Listed records =
lemma grid_deviation_event:
  fixes X :: "'i \<Rightarrow> 'a \<Rightarrow> real" and g :: "nat \<Rightarrow> 'i" and m R :: nat
  assumes "inj g" and "indep_vars (\<lambda>_. borel) X (range g)"
    and expo: "\<And>n. distributed M lborel (X (g n)) (exponential_density 1)" and "0 < m"
  obtains A where "A \<in> events" and "prob A \<le> real R ^ 2 / real m"
    and "\<And>\<omega>. \<omega> \<in> space M - A \<Longrightarrow> (\<forall>n. 0 \<le> X (g n) \<omega>)
      \<and> (\<forall>j\<in>{1..R}. \<bar>jump_time (\<lambda>n. X (g n) \<omega>) (j * m) - real (j * m)\<bar> \<le> real m)"
proof -
  have "AE \<omega> in M. \<forall>n. 0 < X (g n) \<omega>"
    using AE_exponential_pos[OF expo] by (simp add: AE_all_countable)
  then obtain A0 where A0: "{\<omega>\<in>space M. \<not> (\<forall>n. 0 < X (g n) \<omega>)} \<subseteq> A0" "A0 \<in> events" "prob A0 = 0"
    by (auto elim!: AE_E simp: emeasure_eq_measure)
  define G where "G = (\<Union>j\<in>{1..R}.
    {\<omega>\<in>space M. real m \<le> \<bar>jump_time (\<lambda>n. X (g n) \<omega>) (j * m) - real (j * m)\<bar>})"
  note G = prob_grid_deviation[OF assms, of R, folded G_def]
  have "prob (A0 \<union> G) \<le> real R ^ 2 / real m"
    using measure_Un_le[OF A0(2) G(1)] A0(3) G(2) by linarith
  moreover have "A0 \<union> G \<in> events" using A0(2) G(1) by blast
  moreover have "(\<forall>n. 0 \<le> X (g n) \<omega>)
      \<and> (\<forall>j\<in>{1..R}. \<bar>jump_time (\<lambda>n. X (g n) \<omega>) (j * m) - real (j * m)\<bar> \<le> real m)"
    if "\<omega> \<in> space M - (A0 \<union> G)" for \<omega>
    using that A0(1) by (auto simp: G_def not_le intro: less_imp_le)
  ultimately show ?thesis using that by blast
qed

lemma Iproc_bound_outside_small_event:
  fixes X :: "'i \<Rightarrow> 'a \<Rightarrow> real" and g :: "nat \<Rightarrow> 'i"
  assumes "inj g" and "indep_vars (\<lambda>_. borel) X (range g)"
    and "\<And>n. distributed M lborel (X (g n)) (exponential_density 1)"
    and tau: "0 < tau" and mu: "0 \<le> mu" and T: "tau \<le> T" and B: "mu * exp (T + 1) \<le> B"
    and eta: "0 < eta" "eta \<le> 1/4" and N: "4 \<le> N"
  obtains A where "A \<in> events" and "prob A \<le> real (nat \<lceil>T / eta\<rceil> + 2) ^ 2 / (eta * real N)"
    and "\<And>\<omega> c t. \<omega> \<in> space M - A \<Longrightarrow> t \<in> {tau..T} \<Longrightarrow>
      \<bar>Iproc tau mu N c (\<lambda>n. X (g n) \<omega>) t\<bar> \<le> (T - tau) / 2 * (B * (B + B^2)) * (4 * eta + 5 / real N)"
proof -
  define R where "R = nat \<lceil>T / eta\<rceil> + 2"
  define m where "m = nat \<lceil>eta * real N\<rceil>"
  have m: "eta * real N \<le> real m" "real m \<le> eta * real N + 1" "0 < m"
    using eta N by (auto simp: m_def)
  have "eta * real N \<le> 1/4 * real N" "4 \<le> real N" using mult_right_mono[OF eta(2)] N by auto
  then have "2 * m \<le> N" using m by linarith
  obtain A where A: "A \<in> events" "prob A \<le> real R ^ 2 / real m"
    and good: "\<And>\<omega>. \<omega> \<in> space M - A \<Longrightarrow> (\<forall>n. 0 \<le> X (g n) \<omega>)
      \<and> (\<forall>j\<in>{1..R}. \<bar>jump_time (\<lambda>n. X (g n) \<omega>) (j * m) - real (j * m)\<bar> \<le> real m)"
    using grid_deviation_event[OF assms(1-3) m(3)] by metis
  have "real R ^ 2 / real m \<le> real R ^ 2 / (eta * real N)"
    using m eta N by (intro divide_left_mono) auto
  moreover have "\<bar>Iproc tau mu N c (\<lambda>n. X (g n) \<omega>) t\<bar> \<le> (T - tau) / 2 * (B * (B + B^2)) * (4 * eta + 5 / real N)"
    if "\<omega> \<in> space M - A" "t \<in> {tau..T}" for \<omega> c t
  proof -
    define C where "C = (T - tau) / 2 * (B * (B + B^2))"
    have "0 \<le> B" using mu B by (meson exp_ge_zero mult_nonneg_nonneg order.trans)
    then have "0 \<le> C" using T by (simp add: C_def)
    have "\<bar>Iproc tau mu N c (\<lambda>n. X (g n) \<omega>) t\<bar> \<le> C * (4 * real m + 1) / real N"
      using Iproc_bound_on_grid[OF tau mu B _ m(3) \<open>2 * m \<le> N\<close> _ _ that(2), where R = R]
        good[OF that(1)] grid_covers_horizon[OF eta(1) _ m(1)] tau T
      by (simp add: C_def R_def)
    also have "\<dots> \<le> C * (4 * eta * real N + 5) / real N"
      using m \<open>0 \<le> C\<close> by (intro divide_right_mono mult_left_mono) auto
    also have "\<dots> = C * (4 * eta + 5 / real N)" using N by (simp add: field_simps)
    finally show ?thesis by (simp add: C_def)
  qed
  ultimately show ?thesis using that A by (simp add: R_def)
qed

lemma Iproc_small_in_probability:
  fixes X :: "nat \<Rightarrow> 'i \<Rightarrow> 'a \<Rightarrow> real" and g :: "nat \<Rightarrow> 'i"
  assumes "inj g" and "\<And>N. indep_vars (\<lambda>_. borel) (X N) (range g)"
    and "\<And>N n. distributed M lborel (X N (g n)) (exponential_density 1)"
    and "0 < tau" and mu: "0 \<le> mu" and T: "tau < T" and \<epsilon>: "0 < \<epsilon>" and \<delta>: "0 < \<delta>"
  shows "\<forall>\<^sub>F N in sequentially. \<exists>A\<in>events. prob A < \<delta> \<and>
    (\<forall>\<omega>\<in>space M - A. \<forall>c. \<forall>t\<in>{tau..T}. \<bar>Iproc tau mu N c (\<lambda>n. X N (g n) \<omega>) t\<bar> \<le> \<epsilon>)"
proof -
  define B where "B = mu * exp (T + 1)"
  define C where "C = (T - tau) / 2 * (B * (B + B^2))"
  have "0 \<le> C" using mu T by (simp add: C_def B_def)
  obtain eta where eta: "0 < eta" "eta < 1/4" "eta < \<epsilon> / (8 * (C + 1))"
    using field_lbound_gt_zero[of "1/4" "\<epsilon> / (8 * (C + 1))"] \<epsilon> \<open>0 \<le> C\<close> by auto
  then have "4 * C * eta \<le> \<epsilon> / 2"
    using \<open>0 \<le> C\<close> by (simp add: field_simps)
  define R where "R = nat \<lceil>T / eta\<rceil> + 2"
  have "\<forall>\<^sub>F N in sequentially. 4 \<le> N \<and> real R ^ 2 / eta / real N < \<delta> \<and> 5 * C / real N < \<epsilon> / 2"
    using \<delta> \<epsilon> by (intro eventually_conj eventually_ge_at_top eventually_const_div_real_less) auto
  then show ?thesis
  proof (rule eventually_mono, elim conjE)
    fix N assume "4 \<le> N" and "real R ^ 2 / eta / real N < \<delta>" and "5 * C / real N < \<epsilon> / 2"
    obtain A where A: "A \<in> events" "prob A \<le> real R ^ 2 / (eta * real N)"
      and bound: "\<And>\<omega> c t. \<omega> \<in> space M - A \<Longrightarrow> t \<in> {tau..T} \<Longrightarrow>
        \<bar>Iproc tau mu N c (\<lambda>n. X N (g n) \<omega>) t\<bar> \<le> C * (4 * eta + 5 / real N)"
      by (rule Iproc_bound_outside_small_event[of g "X N" tau mu T B eta N, folded R_def C_def])
        (use assms eta \<open>4 \<le> N\<close> in \<open>auto simp: B_def\<close>)
    have "C * (4 * eta + 5 / real N) = 4 * C * eta + 5 * C / real N" by (simp add: algebra_simps)
    then have "\<bar>Iproc tau mu N c (\<lambda>n. X N (g n) \<omega>) t\<bar> \<le> \<epsilon>"
      if "\<omega> \<in> space M - A" "t \<in> {tau..T}" for \<omega> c t
      using bound[OF that, of c] \<open>4 * C * eta \<le> \<epsilon> / 2\<close> \<open>5 * C / real N < \<epsilon> / 2\<close> by linarith
    moreover have "prob A < \<delta>" using A(2) \<open>real R ^ 2 / eta / real N < \<delta>\<close> by simp
    ultimately show "\<exists>A\<in>events. prob A < \<delta> \<and>
      (\<forall>\<omega>\<in>space M - A. \<forall>c. \<forall>t\<in>{tau..T}. \<bar>Iproc tau mu N c (\<lambda>n. X N (g n) \<omega>) t\<bar> \<le> \<epsilon>)"
      using A(1) by blast
  qed
qed

end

About this exercise = In the records above, find the line with "C\<close> by auto"; write out exactly that line and each one after it, stopping after the line with "fix N assume".

Written solution =
    using field_lbound_gt_zero[of "1/4" "\<epsilon> / (8 * (C + 1))"] \<epsilon> \<open>0 \<le> C\<close> by auto
  then have "4 * C * eta \<le> \<epsilon> / 2"
    using \<open>0 \<le> C\<close> by (simp add: field_simps)
  define R where "R = nat \<lceil>T / eta\<rceil> + 2"
  have "\<forall>\<^sub>F N in sequentially. 4 \<le> N \<and> real R ^ 2 / eta / real N < \<delta> \<and> 5 * C / real N < \<epsilon> / 2"
    using \<delta> \<epsilon> by (intro eventually_conj eventually_ge_at_top eventually_const_div_real_less) auto
  then show ?thesis
  proof (rule eventually_mono, elim conjE)
    fix N assume "4 \<le> N" and "real R ^ 2 / eta / real N < \<delta>" and "5 * C / real N < \<epsilon> / 2"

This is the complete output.